To detect the voice’s pitch I use YIN, by Alain de Cheveigné (IRCAM-CNRS) and Hideki Kawahara (Wakayama University). It’s a fundamental frequency estimator in the time domain. The central idea is the Cumulative Mean Normalized Difference Function (CMNDF), which basically measures how periodic the signal is at each lag, normalizes it to reduce false positives, and uses parabolic interpolation to refine the result. It’s lightweight enough to run in real time on a phone, which is what matters here.

In the app, the YIN threshold is 0.70 (tuned for mixed voice + music signals), and frames with confidence below 0.3 get discarded. Below that, it’s probably noise or an instrument.

The 4 scoring modes

Each mode evaluates a different aspect of vocal quality. They all share the same audio pipeline (bandpass → YIN → confidence gate). The difference is how they interpret the detected pitch.

Pitch Match

Measures how cleanly you sustain notes. Uses Gaussian decay based on the standard deviation of MIDI values in a rolling ~15-frame window. Steady notes (deviation < 0.3 semitones) score 85-100%. A trembling voice (deviation > 2 semitones) scores near zero. Good for songs you already know well.

Contour

Measures the melodic shape of your singing. It doesn’t matter which exact note you hit, only the direction and the flow. Evaluates the pitch range and melodic movements (jumps > 0.5 semitone) in a rolling window. Monotone singing scores ~10%. Smooth melodic movement with a 2-6 semitone range scores 70-100%. Good for when you’re learning a new song.

Intervals

Measures the musical quality of jumps between consecutive notes. A whole tone (2 semitones) scores highest. Thirds and fourths score well. Wild jumps of an octave or more score low. Uses a Gaussian curve centered on the whole tone. Works when you’re singing in a different key from the original.

Streak

It’s Pitch Match with a combo multiplier. Each consecutive frame with a score above 0.4 increments the streak counter. The streak adds bonus points (up to +0.4 on a streak of 30+). Breaking a streak > 5 frames pushes a 0.05 penalty into the EMA. Silence freezes the streak, so instrumental breaks don’t hurt you. The most fun mode for parties.

Score display detail: live score, overall score, pitch trail with note grid (C3-G5)

The logic behind these four modes came from the research Claude did across academic papers. Each one measures a different dimension: pitch accuracy, melodic contour, phrasing and consistency. None of them is sufficient on its own, but together they cover, reasonably well, what you can evaluate without having the song’s reference melody.

The Pitch Oracle

Beyond the four purely vocal modes, the app has what I call the Pitch Oracle. The idea: instead of evaluating your voice in isolation, the app downloads the video’s reference audio via youtube_explode_dart, decodes it to PCM, runs YIN on it, and builds a timestamped pitch timeline of the entire song. During scoring, if the mic’s pitch matches the reference’s pitch at that moment in the video, it’s probably speaker bleed, and gets ignored. If it differs, it’s your voice, and gets scored.

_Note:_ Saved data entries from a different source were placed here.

(* Fix $L\ge20$. For any pattern $(\mathbf a,\mathbf e)$ there exists $S\subseteq V(\Gamma)$ such that $p_{\mathrm{SD}}((\mathbf a,\mathbf e)_S)\ge p_{\mathrm{SD}}(\mathbf a,\mathbf e)-55L\sqrt d$ and, for all $(i,w)\in S$, \[\sum_{(i',w')\in N_{\Gamma_{\mathrm{SD}}}(i,w)\cap S}\frac{a_{i,w}a_{i',w'}}{n}\cdot\frac{\epsilon_{i,w,i',w'}^2}{15}\ge\frac L{10}\,a_{i,w}\log\Big(\frac{en}{a_{i,w}}\Big),\] where the right side is interpreted as $0$ when $a_{i,w}=0$.
   Context: $d\ge2$, $H$ is a $d$-regular graph on $[h]$. $D^{>0}=\{2^k/\sqrt{nh}:k\in\mathbb{Z},k\ge0\}$; $\Gamma$ is the graph on $[h]\times D^{>0}$ with $(i,w)\sim_\Gamma(i',w')$ iff $ii'\in E(H)$ and $w/w'\in(d^{-1/2},d^{1/2})$. A pattern is $(\mathbf a,\mathbf e)$: nonnegative integers $a_{i,w}$ with $\sum_wa_{i,w}\le n$ for each $i$, $\sum w^2a_{i,w}\le10$, some $w_0\in D^{>0}$ with $a_{i,w}=0$ unless $w_0\le w\le dw_0$; integers $e_{i,w,i',w'}$ for edges of $\Gamma$ (symmetric) with $0\le e\le\min(a_{i,w},a_{i',w'})$. Sub-pattern $(\mathbf a,\mathbf e)_S$: keep $a_{i,w}$ for $(i,w)\in S$ (else $0$) and $e$ on edges inside $S$ (else $0$). $\epsilon_{i,w,i',w'}=e_{i,w,i',w'}n/(a_{i,w}a_{i',w'})-1$ if $a_{i,w},a_{i',w'}\ne0$, and $=1$ otherwise. $\Gamma_{\mathrm{SD}}=\Gamma_{\mathrm{SD}}(\mathbf a,\mathbf e)$ is the spanning subgraph of $\Gamma$ consisting of the edges with $-1\le\epsilon_{i,w,i',w'}\le e^2-1$, and $p_{\mathrm{SD}}(\mathbf a,\mathbf e)=\big|\sum_{(i,w)(i',w')\in E(\Gamma_{\mathrm{SD}})}\frac{ww'a_{i,w}a_{i',w'}}{n}\epsilon_{i,w,i',w'}\big|$ (with $\Gamma_{\mathrm{SD}}$ determined by the pattern in question). *)

theory Defs
  imports "HOL-Analysis.Analysis"
begin

text \<open>Vertices of Gamma: pairs (i,k) with i < h (i.e. i in [h] = {0..<h}) and k :: nat,
  where k encodes the weight w = 2^k / sqrt(n h) in D^{>0}.\<close>

definition wt :: "nat \<Rightarrow> nat \<Rightarrow> nat \<Rightarrow> real" where
  "wt n h k = 2 ^ k / sqrt (real n * real h)"

definition regular_graph :: "nat \<Rightarrow> nat \<Rightarrow> (nat \<Rightarrow> nat \<Rightarrow> bool) \<Rightarrow> bool" where
  "regular_graph h d E \<longleftrightarrow>
     (\<forall>i j. E i j \<longrightarrow> i < h \<and> j < h) \<and> (\<forall>i j. E i j \<longrightarrow> E j i) \<and> (\<forall>i. \<not> E i i) \<and>
     (\<forall>i<h. card {j. E i j} = d)"

definition gamma_edge :: "(nat \<Rightarrow> nat \<Rightarrow> bool) \<Rightarrow> nat \<Rightarrow> nat \<Rightarrow> nat \<Rightarrow> nat \<times> nat \<Rightarrow> nat \<times> nat \<Rightarrow> bool" where
  "gamma_edge E d n h v v' \<longleftrightarrow>
     E (fst v) (fst v') \<and>
     1 / sqrt (real d) < wt n h (snd v) / wt n h (snd v') \<and>
     wt n h (snd v) / wt n h (snd v') < sqrt (real d)"

definition is_pattern :: "(nat \<Rightarrow> nat \<Rightarrow> bool) \<Rightarrow> nat \<Rightarrow> nat \<Rightarrow> nat \<Rightarrow>
    (nat \<times> nat \<Rightarrow> nat) \<Rightarrow> (nat \<times> nat \<Rightarrow> nat \<times> nat \<Rightarrow> nat) \<Rightarrow> bool" where
  "is_pattern E d n h a e \<longleftrightarrow>
     (\<forall>i k. h \<le> i \<longrightarrow> a (i, k) = 0) \<and>
     (\<forall>i<h. (\<Sum>k | a (i, k) \<noteq> 0. a (i, k)) \<le> n) \<and>
     (\<Sum>v | a v \<noteq> 0. (wt n h (snd v))\<^sup>2 * real (a v)) \<le> 10 \<and>
     (\<exists>k0. \<forall>v. a v \<noteq> 0 \<longrightarrow> wt n h k0 \<le> wt n h (snd v) \<and> wt n h (snd v) \<le> real d * wt n h k0) \<and>
     (\<forall>v v'. gamma_edge E d n h v v' \<longrightarrow> e v v' = e v' v \<and> e v v' \<le> min (a v) (a v'))"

The synchronization works through the currentTime of the HTML5 video element, sent to Dart through a JS timeupdate listener every ~250ms. The oracle queries the reference pitch at the exact playback position, accounting for pause, seek and speed change.

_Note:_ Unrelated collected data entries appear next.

(* Let $n\ge3$. For every $r\in[3,n]$, the ideal $\tilde{\mathfrak b}_r$ is an atom of $\mathrm{Mon}(R)$.
   Context: Let $K$ be a field, $N\ge2$, $R=K[X_1,\dots,X_N]$, $X=X_1$, $Y=X_2$. $\mathrm{Mon}(R)$ is the monoid of nonzero monomial ideals of $R$ under ideal multiplication, with identity $R$ (its only unit); an atom of $\mathrm{Mon}(R)$ is an $I\ne R$ in $\mathrm{Mon}(R)$ not a product of two elements of $\mathrm{Mon}(R)\setminus\{R\}$. $[x,y]=\{z\in\mathbb Z:x\le z\le y\}$. For $i\in\mathbb N^+$, $\mathfrak b_i=\langle X^i,Y^i\rangle$. Fix an integer $n\ge 3$ and positive integers $a_1,\dots,a_{n+1}$ with (C1) $a_{n+1}=a_1+\dots+a_{n-1}+2a_n$ and (C2) $a_{i+1}>2(a_1+\dots+a_i)$ for all $i\in[1,n-1]$. For $I\subseteq[1,n+1]$ put $a_I=\sum_{i\in I}a_i$ ($a_\emptyset=0$). For $r\in[3,n]$, $\tilde{\mathfrak b}_r$ is the ideal generated by $\mathfrak b_{a_1}\mathfrak b_{a_3}\mathfrak b_{a_4}\cdots\mathfrak b_{a_r}$ together with the monomial $X^{a_{[3,r]}-a_2}Y^{a_3-a_2}$. *)

theory Defs
  imports Main
begin

text \<open>Combinatorial model of monomial ideals of R = K[X_1,...,X_N].
  A monomial X_1^{e_1}...X_N^{e_N} is encoded by its exponent vector
  e :: nat => nat, with e i = 0 for i outside {1..N}.  A monomial ideal is
  determined by the set of monomials it contains (a monomial ideal is the
  K-span of its monomials, independently of the field K); nonzero monomial
  ideals correspond exactly to nonempty subsets of monomials closed under
  multiplication by monomials (upward closed for the componentwise order).\<close>

definition monoms :: "nat \<Rightarrow> (nat \<Rightarrow> nat) set" where
  "monoms N = {e. \<forall>i. i \<notin> {1..N} \<longrightarrow> e i = 0}"

definition gen :: "nat \<Rightarrow> (nat \<Rightarrow> nat) set \<Rightarrow> (nat \<Rightarrow> nat) set" where
  "gen N G = {m \<in> monoms N. \<exists>g\<in>G. g \<le> m}"

definition mon_ideal :: "nat \<Rightarrow> (nat \<Rightarrow> nat) set \<Rightarrow> bool" where
  "mon_ideal N I \<longleftrightarrow> I \<subseteq> monoms N \<and> I \<noteq> {} \<and>
     (\<forall>a\<in>I. \<forall>b\<in>monoms N. a \<le> b \<longrightarrow> b \<in> I)"

abbreviation unit_ideal :: "nat \<Rightarrow> (nat \<Rightarrow> nat) set" where
  "unit_ideal N \<equiv> monoms N"

definition imul :: "nat \<Rightarrow> (nat \<Rightarrow> nat) set \<Rightarrow> (nat \<Rightarrow> nat) set \<Rightarrow> (nat \<Rightarrow> nat) set" where
  "imul N I J = gen N {(\<lambda>k. a k + b k) | a b. a \<in> I \<and> b \<in> J}"

definition iprod :: "nat \<Rightarrow> (nat \<Rightarrow> nat) set list \<Rightarrow> (nat \<Rightarrow> nat) set" where
  "iprod N Is = foldr (imul N) Is (unit_ideal N)"

definition is_atom :: "nat \<Rightarrow> (nat \<Rightarrow> nat) set \<Rightarrow> bool" where
  "is_atom N I \<longleftrightarrow> mon_ideal N I \<and> I \<noteq> unit_ideal N \<and>
     \<not> (\<exists>J L. mon_ideal N J \<and> mon_ideal N L \<and> J \<noteq> unit_ideal N \<and>
             L \<noteq> unit_ideal N \<and> I = imul N J L)"

text \<open>The monomial X^i Y^j, with X = X_1, Y = X_2.\<close>
definition xy :: "nat \<Rightarrow> nat \<Rightarrow> (nat \<Rightarrow> nat)" where
  "xy i j = (\<lambda>k. if k = 1 then i else if k = 2 then j else 0)"

definition bb :: "nat \<Rightarrow> nat \<Rightarrow> (nat \<Rightarrow> nat) set" where
  "bb N i = gen N {xy i 0, xy 0 i}"

definition bt :: "nat \<Rightarrow> (nat \<Rightarrow> nat) \<Rightarrow> nat \<Rightarrow> (nat \<Rightarrow> nat) set" where
  "bt N a r = gen N (iprod N (bb N (a 1) # map (\<lambda>i. bb N (a i)) [3..<r+1])
       \<union> {xy ((\<Sum>i=3..r. a i) - a 2) (a 3 - a 2)})"

end

theory Submission
  imports Defs
begin

text \<open>
  Put D = a_1 + a_3 + ... + a_r, U = a_[3,r] - a_2 and V = a_3 - a_2, so that X^U Y^V is the
  extra generator of tilde b_r. The product b_{a_1} b_{a_3} ... b_{a_r} is generated by the
  monomials X^s Y^(D-s), s a subset sum of a_1, a_3, ..., a_r; since U + V > D, every monomial of
  tilde b_r has degree at least D. By (C2) the subset sums come in pairs t, t + a_1, and
  different pairs are at least a_3 - a_1 apart.

  Suppose tilde b_r = J L with J, L proper. Splitting X^D and Y^D between the factors gives
  X^e, Y^e in J and X^(D-e), Y^(D-e) in L for a subset sum 0 < e < D. Splitting X^U Y^V as
  X^j1 Y^j2 * X^l1 Y^l2 and multiplying back with these pure powers, the degree bound forces
  (up to exchanging J and L) l2 = V and l1 + e = U, hence X^(U-e) Y^(V+e) lies in tilde b_r.
  A generator X^s Y^(D-s) dividing it would make D - s and e two subset sums whose distance lies
  between a_1 + a_2 and V < a_3 - a_1, which is impossible.
\<close>

lemma xy_apply [simp]: "xy i j 1 = i" "xy i j (Suc 0) = i" "xy i j 2 = j"
  by (simp_all add: xy_def)

lemma xy_le_iff: "xy i j \<le> e \<longleftrightarrow> i \<le> e 1 \<and> j \<le> e 2"
proof
  assume "xy i j \<le> e"
  then show "i \<le> e 1 \<and> j \<le> e 2"
    using le_funD[of "xy i j" e 1] le_funD[of "xy i j" e 2] by simp
qed (simp add: le_fun_def xy_def)

lemma xy_in_monoms: "2 \<le> N \<Longrightarrow> xy i j \<in> monoms N"
  by (auto simp: monoms_def xy_def)

lemma mon_ideal_upclosed:
  "mon_ideal N I \<Longrightarrow> m \<in> I \<Longrightarrow> m' \<in> monoms N \<Longrightarrow> m \<le> m' \<Longrightarrow> m' \<in> I"
  unfolding mon_ideal_def by blast

lemma unit_ideal_if_one_mem:
  assumes "mon_ideal N I" "xy 0 0 \<in> I"
  shows "I = unit_ideal N"
proof -
  have "unit_ideal N \<subseteq> I"
    using mon_ideal_upclosed[OF assms] by (auto simp: xy_le_iff)
  then show ?thesis
    using assms(1) by (auto simp: mon_ideal_def)
qed

lemma mon_ideal_unit: "mon_ideal N (unit_ideal N)"
  unfolding mon_ideal_def monoms_def by auto

lemma mon_ideal_gen:
  assumes "G \<subseteq> monoms N" "G \<noteq> {}"
  shows "mon_ideal N (gen N G)"
  unfolding mon_ideal_def
proof (intro conjI ballI impI)
  show "gen N G \<subseteq> monoms N"
    by (auto simp: gen_def)
  obtain g where "g \<in> G"
    using assms(2) by blast
  then have "g \<in> gen N G"
    using assms(1) by (auto simp: gen_def)
  then show "gen N G \<noteq> {}"
    by blast
next
  fix m m' assume "m \<in> gen N G" "m' \<in> monoms N" "m \<le> m'"
  then obtain g where "g \<in> G" "g \<le> m'"
    unfolding gen_def by (auto dest: order_trans)
  with \<open>m' \<in> monoms N\<close> show "m' \<in> gen N G"
    unfolding gen_def by blast
qed

lemma gen_mon_ideal:
  assumes "mon_ideal N I"
  shows "gen N I = I"
proof
  show "gen N I \<subseteq> I"
  proof
    fix m assume "m \<in> gen N I"
    then obtain g where "g \<in> I" "m \<in> monoms N" "g \<le> m"
      by (auto simp: gen_def)
    then show "m \<in> I"
      by (rule mon_ideal_upclosed[OF assms])
  qed
  show "I \<subseteq> gen N I"
    using assms by (auto simp: gen_def mon_ideal_def)
qed

lemma gen_Un: "gen N (A \<union> B) = gen N A \<union> gen N B"
  unfolding gen_def by blast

The first time you play a song, the oracle takes 5-15 seconds to download and analyze the audio. But the timeline is saved as JSON in the app’s local cache (pitch_oracle/<videoId>.json). If you play the same song again, it loads instantly from cache, no network request. That also fixes YouTube’s rate limiting problem for the songs you sing the most.

With the oracle active, the modes change behavior. Pitch Match compares the singer’s pitch class against the reference’s, agnostic to octave (like SingStar). Contour uses cross-correlation between the singer’s pitch movement and the reference’s. Intervals compares semitone jumps against the reference’s.

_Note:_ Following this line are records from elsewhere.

(* Let $(X,\mathcal{A},\mu)$ be a probability space, $\theta$ a measure-preserving endomorphism and $A\subset X$ a hole. Then the map $\varphi\mapsto\rho(A,\varphi)$, defined on the set of bounded ceiling functions $\varphi$ for which the escape rate $\rho(A,\varphi)$ exists, is continuous with respect to the supremum norm $\|\cdot\|_\infty$.
   Context: A ceiling function is a measurable $\varphi:X\to\mathbb{R}$ with $\inf\varphi>0$. $S_n\varphi=\sum_{k=0}^{n-1}\varphi\circ\theta^k$, $N_t^\varphi(x)=\min\{n\in\mathbb{N}_0:S_n\varphi(x)>t\}$. Special flow over $\theta$ under $\varphi$: $\overline{X}_\varphi=\{(x,s):0\le s<\varphi(x)\}$, $\overline{\mu}_\varphi$ the restriction of $\mu\otimes$Lebesgue, $\Phi^\varphi_t(x,s)=(x,s+t)$ if $t<\varphi(x)-s$, else $(\theta^{N-1}x,s+t-S_{N-1}\varphi(x))$ with $N=N^\varphi_{s+t}(x)$. A hole $A\subset X$ is a measurable set with $\bigcup_{n\ge0}\theta^{-n}(A)=X$ a.e. The escape rate $\rho(A,\varphi)$ is $\lim_{t\to\infty}-\frac1t\log\overline{\mu}_\varphi(\{(x,s):\forall\tau\in[0,t]:\Phi^\varphi_\tau(x,s)\notin A\times\mathbb{R}\})$ when the limit exists. *)

theory Defs
  imports "HOL-Probability.Probability"
begin

definition measure_preserving_endo :: "'a measure \<Rightarrow> ('a \<Rightarrow> 'a) \<Rightarrow> bool" where
  "measure_preserving_endo M \<theta> \<longleftrightarrow> \<theta> \<in> measurable M M \<and> distr M M \<theta> = M"

definition birkhoff_sum :: "('a \<Rightarrow> 'a) \<Rightarrow> ('a \<Rightarrow> real) \<Rightarrow> nat \<Rightarrow> 'a \<Rightarrow> real" where
  "birkhoff_sum \<theta> \<phi> n x = (\<Sum>k<n. \<phi> ((\<theta> ^^ k) x))"

definition lap_number :: "('a \<Rightarrow> 'a) \<Rightarrow> ('a \<Rightarrow> real) \<Rightarrow> real \<Rightarrow> 'a \<Rightarrow> nat" where
  "lap_number \<theta> \<phi> t x = (LEAST n. birkhoff_sum \<theta> \<phi> n x > t)"

definition special_flow :: "('a \<Rightarrow> 'a) \<Rightarrow> ('a \<Rightarrow> real) \<Rightarrow> real \<Rightarrow> 'a \<times> real \<Rightarrow> 'a \<times> real" where
  "special_flow \<theta> \<phi> t p = (case p of (x, s) \<Rightarrow>
     if t < \<phi> x - s then (x, s + t)
     else (let N = lap_number \<theta> \<phi> (s + t) x in
           ((\<theta> ^^ (N - 1)) x, s + t - birkhoff_sum \<theta> \<phi> (N - 1) x)))"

When YouTube blocks the download with rate limiting (happens after many consecutive requests from the same IP, clears in 15-30 minutes), the oracle silently fails and the modes fall back to purely vocal analysis.

The road to here

The app you see now went through a lot of iteration before reaching this state.

First, I tried to make a Linux desktop version to make debugging easier. Makes sense, right? Test on the desktop, iterate fast, then port to mobile. The problem is that Flutter has no webview backend for Linux desktop. webview_flutter simply doesn’t work. I tried webview_cef, which is based on the Chromium Embedded Framework. CEF spawns its own GPU process, and on Hyprland (a Wayland compositor based on wlroots) that conflicts with the compositor’s render pipeline. On my NVIDIA setup, the entire Hyprland session froze. Locked screen, no keyboard response, I had to kill it from a TTY. On top of that, CEF requires downloading a ~200MB binary on the first build. I gave up on CEF and wrote a native bridge in C++ with Claude using WebKitGTK and Flutter method channels. It worked, but every YouTube quirk required separate code for Linux and Android. just_audio also has no Linux desktop implementation. The Linux version turned into dead weight. I deleted ~1,500 lines of Linux-specific code and focused only on Android.

Then came the Samsung mic saga. On my Galaxy Z Fold, the mic was capturing an absurdly low signal. Peaks of ~0.005, basically silence as far as pitch detection was concerned. I spent two hours trying to figure it out. I lowered thresholds, raised software gain to 50x, disabled audio preprocessors. Nothing was working right. Until I figured out the real problem: Android’s AutomaticGainControl. The name says “automatic gain control,” which suggests it amplifies weak signals. In the Samsung DSP implementation, it does the opposite. It attenuates the signal to a low reference level, optimized for voice calls. With AGC on, the peak dropped from ~0.06 to ~0.003. Disabling AGC fixed it. But then the audio_session package was re-enabling AGC under the hood. I removed that one too. It was three rounds of fixes, each finding one more layer of the problem.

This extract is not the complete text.